Spontaneous Coronary Artery Dissection in a Woman with Depression without Coronary Atherosclerotic Risk Factors

Yen-Dong Ho, MD, Tomomi Koizumi, MD, PhD, David P. Lee, MD
June 2007

Case Report. A 46-year-old female presented to a community hospital with acute coronary syndrome. One week prior to presentation, the patient had experienced chest tightness lasting 1 hour, occurring 1 day after lifting furniture. On the day of presentation, she developed recurrent chest tightness at rest. In the emergency room, her physical examination was normal. Her blood pressure was 109/60 mmHg.

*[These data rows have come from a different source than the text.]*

lemma finite_eigenvalues_transpose_mult:
  fixes Y :: "real^'n^'m"
  shows "finite {t. \<exists>v. v \<noteq> 0 \<and> (transpose Y ** Y) *v v = t *s v}"
proof -
  define E where "E = {t. \<exists>v. v \<noteq> 0 \<and> (transpose Y ** Y) *v v = t *s v}"
  define ev where "ev t = (SOME v. v \<noteq> 0 \<and> (transpose Y ** Y) *v v = t *s v)" for t
  have ev: "ev t \<noteq> 0 \<and> (transpose Y ** Y) *v ev t = t *s ev t" if "t \<in> E" for t
  proof -
    from that obtain v where "v \<noteq> 0 \<and> (transpose Y ** Y) *v v = t *s v"
      unfolding E_def by blast
    then show ?thesis unfolding ev_def by (rule someI)
  qed
  have inj: "inj_on ev E"
  proof (rule inj_onI)
    fix s t assume "s \<in> E" "t \<in> E" "ev s = ev t"
    then have "s *s ev s = t *s ev s" using ev by metis
    then show "s = t" using ev[OF \<open>s \<in> E\<close>]
      by (metis scalar_mult_eq_scaleR scaleR_cancel_right)
  qed
  have "pairwise orthogonal (ev ` E)"
  proof (clarsimp simp: pairwise_def)
    fix s t assume "s \<in> E" "t \<in> E" "ev s \<noteq> ev t"
    then have "s \<noteq> t" by auto
    then show "orthogonal (ev s) (ev t)"
      using ev[OF \<open>s \<in> E\<close>] ev[OF \<open>t \<in> E\<close>] orthogonal_eigenvectors_transpose_mult
      by blast
  qed
  moreover have "0 \<notin> ev ` E" using ev by fastforce
  ultimately have "independent (ev ` E)" using pairwise_orthogonal_independent by blast
  then have "finite (ev ` E)" using independent_bound by blast
  then show ?thesis using inj finite_imageD unfolding E_def by blast
qed

lemma set_mset_eig_mset_transpose_mult:
  fixes Y :: "real^'n^'m"
  shows "set_mset (eig_mset (transpose Y ** Y))
           = {t. \<exists>v. v \<noteq> 0 \<and> (transpose Y ** Y) *v v = t *s v}"
proof -
  have "dim {v. (transpose Y ** Y) *v v = t *s v} \<noteq> 0"
    if "v \<noteq> 0" "(transpose Y ** Y) *v v = t *s v" for t v
    using that by (auto simp: dim_eq_0)
  then show ?thesis
    unfolding eig_mset_def set_mset_sum[OF finite_eigenvalues_transpose_mult]
    by (auto simp del: dim_eq_0)
qed

lemma eig_mset_transpose_mult_nonneg:
  fixes Y :: "real^'n^'m"
  assumes "t \<in># eig_mset (transpose Y ** Y)"
  shows "0 \<le> t"
proof -
  obtain v where v: "v \<noteq> 0" "(transpose Y ** Y) *v v = t *s v"
    using assms unfolding set_mset_eig_mset_transpose_mult by blast
  have "t * inner v v = inner (Y *v v) (Y *v v)"
    using inner_transpose_mult_vector[of Y v v] v(2) by (simp add: scalar_mult_eq_scaleR)
  then have "0 \<le> t * inner v v" by simp
  moreover have "0 < inner v v" using v(1) by simp
  ultimately show ?thesis by (simp add: zero_le_mult_iff)
qed

lemma nonneg_quadratic_imp_linear_coeff_zero:
  fixes a b :: real
  assumes "0 \<le> a" "0 \<le> b" "\<And>t. 0 \<le> 2 * t * a + t^2 * b"
  shows "a = 0"
proof -
  \<comment> \<open>at \<open>t = -a/(b+1)\<close> the quadratic equals \<open>-a\<^sup>2(b+2)/(b+1)\<^sup>2\<close>\<close>
  define t where "t = - a / (b + 1)"
  have t: "t * (b + 1) = - a" unfolding t_def using assms(2) by simp
  have "(b+1)^2 * (2*t*a + t^2*b) = 2*(t*(b+1))*a*(b+1) + (t*(b+1))^2*b"
    by (simp add: algebra_simps power2_eq_square)
  also have "\<dots> = - (a^2 * (b + 2))" unfolding t by (simp add: algebra_simps power2_eq_square)
  finally have "(b+1)^2 * (2*t*a + t^2*b) = - (a^2 * (b + 2))" .
  moreover have "0 \<le> (b+1)^2 * (2*t*a + t^2*b)" using assms(3)[of t] by simp
  ultimately have "a^2 * (b + 2) \<le> 0" by simp
  then have "a^2 \<le> 0" using assms(2) by (simp add: mult_le_0_iff)
  then show ?thesis by simp
qed
lemma idem_iso_add_complement:
  assumes iso: "idem_iso e f q p" and iso': "idem_iso (1 - e) (1 - f) q' p'"
  shows "(q + q') * (p + p') = 1" and "(p + p') * (q + q') = 1" and "(q + q') * e = q"
proof -
  have zero_through: "x * y = 0" if "x * g = x" "h * y = y" "g * h = 0" for x y g h :: 'a
    by (metis that mult.assoc mult_zero_left mult_zero_right)
  note ee = idem_iso_idempotent(1)[OF iso] and ff = idem_iso_idempotent(2)[OF iso]
  note e0 = mult_idempotent_complement(1,2)[OF ee] and f0 = mult_idempotent_complement(1,2)[OF ff]
  note iso_eqs = iso[unfolded idem_iso_def] iso'[unfolded idem_iso_def]
  note absorb = idem_iso_absorb[OF iso] idem_iso_absorb[OF iso']
  have "q * p' = 0" using zero_through[OF _ _ e0(1)] iso_eqs absorb by blast
  moreover have "q' * p = 0" using zero_through[OF _ _ e0(2)] iso_eqs absorb by blast
  moreover have "p * q' = 0" using zero_through[OF _ _ f0(1)] iso_eqs absorb by blast
  moreover have "p' * q = 0" using zero_through[OF _ _ f0(2)] iso_eqs absorb by blast
  moreover have "q' * e = 0" using zero_through[OF _ ee e0(2)] iso_eqs by blast
  ultimately show "(q + q') * (p + p') = 1" "(p + p') * (q + q') = 1" "(q + q') * e = q"
    using iso_eqs by (simp_all add: algebra_simps)
qed

section \<open>Cancellation of isomorphic idempotents by counting\<close>

definition right_ideal :: "'a::ring_1 set \<Rightarrow> bool" where
  "right_ideal L \<longleftrightarrow> (\<forall>x\<in>L. \<forall>y\<in>L. x + y \<in> L) \<and> (\<forall>x\<in>L. \<forall>r. x * r \<in> L)"

lemma card_right_ideal_split:
  fixes h :: "'a::{ring_1,finite}"
  assumes L: "right_ideal L" and h: "h * h = h"
  shows "card L = card {x\<in>L. x * h = x} * card {x\<in>L. x * (1 - h) = x}"
proof -
  have "bij_betw (\<lambda>x. (x * h, x * (1 - h))) L ({x\<in>L. x * h = x} \<times> {x\<in>L. x * (1 - h) = x})"
  proof (rule bij_betwI[where g = "\<lambda>(u, v). u + v"])
    show "(\<lambda>x. (x * h, x * (1 - h))) \<in> L \<rightarrow> {x\<in>L. x * h = x} \<times> {x\<in>L. x * (1 - h) = x}"
      using L mult_idempotent_complement[OF h] h
      by (auto simp: right_ideal_def mult.assoc)
    show "(\<lambda>(u, v). u + v) \<in> {x\<in>L. x * h = x} \<times> {x\<in>L. x * (1 - h) = x} \<rightarrow> L"
      using L by (auto simp: right_ideal_def)
  next
    fix uv assume "uv \<in> {x\<in>L. x * h = x} \<times> {x\<in>L. x * (1 - h) = x}"
    then obtain u v where uv: "uv = (u, v)" "u * h = u" "v * (1 - h) = v" by auto
    have "u * (1 - h) = 0" "v * h = 0"
      using mult_idempotent_complement[OF h] uv(2,3) by (metis mult.assoc mult_zero_right)+
    then show "(\<lambda>x. (x * h, x * (1 - h))) ((\<lambda>(u, v). u + v) uv) = uv"
      using uv by (simp add: distrib_right)
  qed (simp add: algebra_simps)
  then show ?thesis by (simp add: bij_betw_same_card card_cartesian_product)
qed
lemma map_pmf_sum_Pi_pmf_coin_difference:
  assumes "finite J"
  shows "map_pmf (\<lambda>h. \<Sum>j\<in>J. x j * h j) (Pi_pmf J 0 (\<lambda>_.
           map_pmf (\<lambda>(a, b). of_bool a - of_bool b) (pair_pmf (bernoulli_pmf p) (bernoulli_pmf p))))
       = map_pmf (\<lambda>(f, g). weighted_count x J f - weighted_count x J g) (pair_pmf (coins_pmf J p) (coins_pmf J p))"
proof -
  define dif where "dif = (\<lambda>(a::bool, b::bool). of_bool a - (of_bool b :: real))"
  have "Pi_pmf J 0 (\<lambda>_. map_pmf dif (pair_pmf (bernoulli_pmf p) (bernoulli_pmf p)))
      = map_pmf (\<lambda>h. dif \<circ> h) (Pi_pmf J (False, False) (\<lambda>_. pair_pmf (bernoulli_pmf p) (bernoulli_pmf p)))"
    by (rule Pi_pmf_map) (auto simp: assms dif_def)
  then have "map_pmf (\<lambda>h. \<Sum>j\<in>J. x j * h j) (Pi_pmf J 0 (\<lambda>_. map_pmf dif (pair_pmf (bernoulli_pmf p) (bernoulli_pmf p))))
      = map_pmf (\<lambda>(f, g). weighted_count x J f - weighted_count x J g)
          (map_pmf (\<lambda>h. (fst \<circ> h, snd \<circ> h)) (Pi_pmf J (False, False) (\<lambda>_. pair_pmf (bernoulli_pmf p) (bernoulli_pmf p))))"
    by (simp add: pmf.map_comp o_def weighted_count_def dif_def case_prod_beta
        sum_subtractf[symmetric] algebra_simps)
  also have "\<dots> = map_pmf (\<lambda>(f, g). weighted_count x J f - weighted_count x J g)
      (pair_pmf (coins_pmf J p) (coins_pmf J p))"
    unfolding coins_pmf_def by (simp only: Pi_pmf_pair_pmf_split[OF assms])
  finally show ?thesis unfolding dif_def .
qed

lemma row_noise_law:
  assumes "k \<ge> 2" "i < n"
  shows "map_pmf (row_noise n x i) (row_pmf n k) =
         map_pmf (\<lambda>(f, g). weighted_count x ({0..<n}-{i}) f - weighted_count x ({0..<n}-{i}) g)
           (pair_pmf (coins_pmf ({0..<n}-{i}) (coin_bias k)) (coins_pmf ({0..<n}-{i}) (coin_bias k)))"
proof -
  define J where "J = {0..<n} - {i}"
  define PiJ where "PiJ = Pi_pmf J (0, 0) (\<lambda>_. hash_sign_pmf k)"
  define W where "W = map_pmf (\<lambda>h. \<Sum>j\<in>J. x j * h j) (Pi_pmf J 0 (\<lambda>_.
    map_pmf (\<lambda>(a, b). of_bool a - of_bool b) (pair_pmf (bernoulli_pmf (coin_bias k)) (bernoulli_pmf (coin_bias k)))))"
  have J: "finite J" "{0..<n} = insert i J" "i \<notin> J" unfolding J_def using assms(2) by auto
  have "row_pmf n k = map_pmf (\<lambda>(y, f). f(i := y)) (pair_pmf (hash_sign_pmf k) PiJ)"
    unfolding row_pmf_def PiJ_def J(2) using J(1,3) by (rule Pi_pmf_insert)
  then have "map_pmf (row_noise n x i) (row_pmf n k)
      = map_pmf (\<lambda>(y, f). \<Sum>j\<in>J. x j * collision_sign y (f j)) (pair_pmf (hash_sign_pmf k) PiJ)"
    by (simp add: pmf.map_comp o_def)
      (intro map_pmf_cong refl, auto simp: row_noise_def J_def collision_sign_def split: if_splits intro!: sum.cong)
  also have "\<dots> = bind_pmf (hash_sign_pmf k) (\<lambda>y. map_pmf (\<lambda>f. \<Sum>j\<in>J. x j * collision_sign y (f j)) PiJ)"
    by (simp add: pair_pmf_def map_pmf_def bind_assoc_pmf bind_return_pmf)
  also have "\<dots> = bind_pmf (hash_sign_pmf k) (\<lambda>_. W)"
  proof (rule bind_pmf_cong[OF refl])
    fix y assume "y \<in> set_pmf (hash_sign_pmf k)"
    then have y: "y \<in> {0..<k} \<times> {-1, 1}"
      unfolding hash_sign_pmf_def using assms(1) by (subst (asm) set_pmf_of_set) auto
    have "map_pmf (\<lambda>f. \<Sum>j\<in>J. x j * collision_sign y (f j)) PiJ
        = map_pmf (\<lambda>h. \<Sum>j\<in>J. x j * h j) (map_pmf (\<lambda>f. collision_sign y \<circ> f) PiJ)"
      by (simp add: pmf.map_comp o_def)
    also have "map_pmf (\<lambda>f. collision_sign y \<circ> f) PiJ = Pi_pmf J 0 (\<lambda>_. map_pmf (collision_sign y) (hash_sign_pmf k))"
      unfolding PiJ_def by (rule Pi_pmf_map[symmetric]) (auto simp: J collision_sign_def)
    finally show "map_pmf (\<lambda>f. \<Sum>j\<in>J. x j * collision_sign y (f j)) PiJ = W"
      unfolding W_def collision_sign_eq_coin_difference[OF assms(1) y, symmetric] .
  qed
  also have "\<dots> = W" by simp
  finally show ?thesis
    using map_pmf_sum_Pi_pmf_coin_difference[OF J(1), of x "coin_bias k"] unfolding W_def J_def by simp
qed

lemma finite_set_pmf_coins_pmf: "finite J \<Longrightarrow> finite (set_pmf (coins_pmf J p))"
  unfolding coins_pmf_def
  by (rule finite_subset[OF set_Pi_pmf_subset'[of J False]]) (auto intro!: finite_PiE_dflt)

lemma expectation_coins_pmf_prod:
  assumes "finite J" "S \<subseteq> J" "0 \<le> p" "p \<le> 1"
  shows "measure_pmf.expectation (coins_pmf J p) (\<lambda>f. \<Prod>j\<in>S. of_bool (f j)) = p ^ card S"
proof -
  define F where "F = (\<lambda>j (v::bool). if j \<in> S then of_bool v else (1::real))"
  have S: "J \<inter> {j. j \<in> S} = S" "finite S" using assms(1,2) finite_subset by auto
  have "(\<lambda>f. \<Prod>j\<in>S. of_bool (f j) :: real) = (\<lambda>f. \<Prod>j\<in>J. F j (f j))"
    unfolding F_def prod.If_cases[OF assms(1)] S by simp
  then have "measure_pmf.expectation (coins_pmf J p) (\<lambda>f. \<Prod>j\<in>S. of_bool (f j))
      = (\<Prod>j\<in>J. measure_pmf.expectation (bernoulli_pmf p) (F j))"
    unfolding coins_pmf_def
    by (simp only:) (rule expectation_prod_Pi_pmf, auto simp: assms(1) F_def intro!: integrable_measure_pmf_finite)
  also have "\<dots> = (\<Prod>j\<in>J. if j \<in> S then p else 1)"
    using assms by (intro prod.cong) (auto simp: F_def)
  also have "\<dots> = p ^ card S"
    unfolding prod.If_cases[OF assms(1)] S by simp
  finally show ?thesis .
qed

lemma variance_weighted_count_coins_pmf:
  assumes "finite J" "S \<subseteq> J" "0 \<le> p" "p \<le> 1"
  shows "measure_pmf.variance (coins_pmf J p) (weighted_count x S) = (\<Sum>j\<in>S. (x j)\<^sup>2) * (p * (1 - p))"
proof -
  define M where "M = coins_pmf J p"
  have int: "integrable M g" for g :: "_ \<Rightarrow> real"
    unfolding M_def by (rule integrable_measure_pmf_finite[OF finite_set_pmf_coins_pmf[OF assms(1)]])
  have finS: "finite S" using assms finite_subset by auto
  have E1: "measure_pmf.expectation M (\<lambda>f. of_bool (f j)) = p" if "j \<in> S" for j
    using expectation_coins_pmf_prod[of J "{j}" p] assms that unfolding M_def by auto
  have E2: "measure_pmf.expectation M (\<lambda>f. of_bool (f j) * of_bool (f l)) = (if j = l then p else p * p)"
    if "j \<in> S" "l \<in> S" for j l
    using expectation_coins_pmf_prod[of J "{j, l}" p] assms that unfolding M_def
    by (cases "j = l") (auto simp: power2_eq_square of_bool_conj[symmetric])
  have EX: "measure_pmf.expectation M (weighted_count x S) = (\<Sum>j\<in>S. x j * p)"
    unfolding weighted_count_def by (subst Bochner_Integration.integral_sum) (auto simp: int E1)
  have "(\<lambda>f. (weighted_count x S f)\<^sup>2) = (\<lambda>f. \<Sum>j\<in>S. \<Sum>l\<in>S. x j * x l * (of_bool (f j) * of_bool (f l)))"
    unfolding weighted_count_def power2_eq_square sum_product by (simp add: algebra_simps)
  then have EX2: "measure_pmf.expectation M (\<lambda>f. (weighted_count x S f)\<^sup>2)
      = (\<Sum>j\<in>S. \<Sum>l\<in>S. x j * x l * (if j = l then p else p * p))"
    by (simp add: Bochner_Integration.integral_sum int E2)
  have "(\<Sum>j\<in>S. x j * p)\<^sup>2 = (\<Sum>j\<in>S. \<Sum>l\<in>S. x j * x l * (p * p))"
    unfolding power2_eq_square sum_product by (simp add: algebra_simps)
  then have "measure_pmf.variance M (weighted_count x S)
      = (\<Sum>j\<in>S. \<Sum>l\<in>S. x j * x l * ((if j = l then p else p * p) - p * p))"
    by (subst measure_pmf.variance_eq) (auto simp: int EX EX2 sum_subtractf[symmetric] algebra_simps)
  also have "\<dots> = (\<Sum>j\<in>S. \<Sum>l\<in>S. if l = j then (x j)\<^sup>2 * (p * (1 - p)) else 0)"
    by (intro sum.cong refl) (auto simp: power2_eq_square algebra_simps)
  also have "\<dots> = (\<Sum>j\<in>S. (x j)\<^sup>2 * (p * (1 - p)))"
    using finS by simp
  finally show ?thesis unfolding M_def by (simp add: sum_distrib_right)
qed
text \<open>Summing out the nodes of \<open>U\<close>, sinks first.\<close>

lemma sum_prod_weight_event:
  assumes "U \<subseteq> G" and y: "y \<in> \<Omega>"
  shows "(\<Sum>z\<in>event G X (G - U) y. \<Prod>t\<in>U. weight t z) = 1"
  using assms(1)
proof (induction "card U" arbitrary: U rule: less_induct)
  case less
  show ?case
  proof (cases "U = {}")
    case True
    then show ?thesis
      using event_nodes[OF y] by simp
  next
    case False
    obtain u where u: "u \<in> U" and sink: "\<forall>t\<in>U. u \<notin> par t"
      using exists_sink[OF less.prems False] by blast
    define U' where "U' = U - {u}"
    have finU: "finite U" and uG: "u \<in> G"
      using less.prems u finite_nodes finite_subset by auto
    have prod_upd: "(\<Prod>t\<in>U. weight t (z(u := v))) = q u (restrict z (par u)) v * (\<Prod>t\<in>U'. weight t z)"
      for z v
      unfolding U'_def prod.remove[OF finU u] weight_fun_upd_same[OF uG]
      using sink by (auto intro!: prod.cong weight_fun_upd)
    have "(\<Sum>z\<in>event G X (G - U) y. \<Prod>t\<in>U. weight t z) =
        (\<Sum>z\<in>event G X (G - U') y. \<Sum>v\<in>X u. \<Prod>t\<in>U. weight t (z(u := v)))"
      using sum_event_insert[OF y uG, of U'] u by (simp add: U'_def insert_absorb)
    also have "\<dots> = (\<Sum>z\<in>event G X (G - U') y. \<Prod>t\<in>U'. weight t z)"
    proof (rule sum.cong[OF refl])
      fix z
      assume "z \<in> event G X (G - U') y"
      then have "z \<in> \<Omega>"
        using event_subset by blast
      then have "(\<Sum>v\<in>X u. q u (restrict z (par u)) v) = 1"
        using q_pmf[OF uG restrict_parents_PiE[OF _ uG]] by (simp add: is_pmf_on_def)
      then show "(\<Sum>v\<in>X u. \<Prod>t\<in>U. weight t (z(u := v))) = (\<Prod>t\<in>U'. weight t z)"
        unfolding prod_upd by (simp add: sum_distrib_right[symmetric])
    qed
    also have "\<dots> = 1"
      by (rule less.hyps) (use card_Diff1_less[OF finU u] less.prems in \<open>auto simp: U'_def\<close>)
    finally show ?thesis .
  qed
qed
(* There does not exist any function $\Phi$ on $[0,\infty)$ with $\Phi(t)=o(t^{-3/2})$ as $t\to+\infty$ such that, for each $f^{in}\in L^2(\mathbb T^2\times\mathbb S^1)$, the solution $F$ of the Cauchy problem $$(\partial_t+\omega\cdot\nabla_x-\partial_s)F=\int_{-1}^12P(2s,h|h')F(t,x,R[\theta(h')]\omega,0,h')\,dh',\qquad F(0,x,\omega,s,h)=f^{in}(x,\omega)E(s,h)$$ satisfies, for each $t\ge0$, $$\|F(t)-\langle f^{in}\rangle E\|_{L^2(\mathbb T^2\times\mathbb S^1\times[0,\infty)\times[-1,1])}\le\Phi(t)\|F(0)\|_{L^2(\mathbb T^2\times\mathbb S^1\times[0,\infty)\times[-1,1])},$$ where $\langle\phi\rangle=\frac1{2\pi}\iint_{\mathbb T^2\times\mathbb S^1}\phi\,dx\,d\omega$.
   Context: $\mathbb T^2=\mathbb R^2/\mathbb Z^2$. $R[\theta]$ is rotation by angle $\theta$, $\theta(h)=\pi-2\arcsin h$. $P(S,h|h')$ is defined by $$P(S,h|h')=\frac{3}{\pi^2 S\eta}\Big((S\eta)\wedge(1-S)_+ +(\eta S-|1-S|)_+ +\big((S-\tfrac12S\eta)\wedge(1+\tfrac12S\eta)-(\tfrac12S+\tfrac12S\zeta)\vee1\big)_+ +\big((S-\tfrac12S\eta)\wedge1-(\tfrac12S+\tfrac12S\zeta)\vee(1-\tfrac12S\eta)\big)_+\Big),$$ $\zeta=\tfrac12|h+h'|$, $\eta=\tfrac12|h-h'|$, $\wedge=\min$, $\vee=\max$, $z_+=\max(z,0)$; $E(s,h)=\int_{2s}^\infty\int_{-1}^1P(\tau,h|h')\,dh'\,d\tau$. The solution of the Cauchy problem is $F(t)=K_tF(0)$, where $(K_t)_{t\ge0}$ is the strongly continuous, positivity-preserving linear contraction semigroup on $L^1(\mathbb T^2\times\mathbb S^1\times[0,\infty)\times[-1,1])$ generated by the equation. *)

theory Defs
  imports "HOL-Analysis.Analysis" "HOL-Library.Landau_Symbols"
begin

text \<open>The torus T^2 = R^2/Z^2 is represented by the fundamental cell [0,1)^2 (points of R x R),
  the circle S^1 by the angle phi in [0,2 pi) with omega = (cos phi, sin phi) and d omega = d phi.
  The rotation R[theta] acts on the angle by phi |-> phi + theta (mod 2 pi).
  A function of (t, x, omega, s, h) is a curried real function of (t, x, phi, s, h).\<close>

definition pos :: "real \<Rightarrow> real" where
  "pos z = max z 0"

definition theta :: "real \<Rightarrow> real" where
  "theta h = pi - 2 * arcsin h"

definition Pk :: "real \<Rightarrow> real \<Rightarrow> real \<Rightarrow> real" where
  "Pk S h h' =
    (let \<zeta> = \<bar>h + h'\<bar> / 2; \<eta> = \<bar>h - h'\<bar> / 2 in
     3 / (pi^2 * S * \<eta>) *
      ( min (S * \<eta>) (pos (1 - S))
      + pos (\<eta> * S - \<bar>1 - S\<bar>)
      + pos (min (S - S * \<eta> / 2) (1 + S * \<eta> / 2) - max (S / 2 + S * \<zeta> / 2) 1)
      + pos (min (S - S * \<eta> / 2) 1 - max (S / 2 + S * \<zeta> / 2) (1 - S * \<eta> / 2))))"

Serial electrocardiograms revealed transient minimal anterior ST-elevation and lateral T-wave inversions. Initial cardiac biomarkers were normal. The patient received aspirin, clopidogrel, metoprolol, nitrates and enoxaparin, and her chest pain resolved after 1.5 hours. However, her cardiac enzymes steadily rose over the next 2 days to a creatine kinase level of 567 U/L (normal < 200 U/L), CK-MB of 58 ng/ml (normal < 4 ng/ml), and troponin I of 28.1 ng/ml (normal < 0.3 ng/ml).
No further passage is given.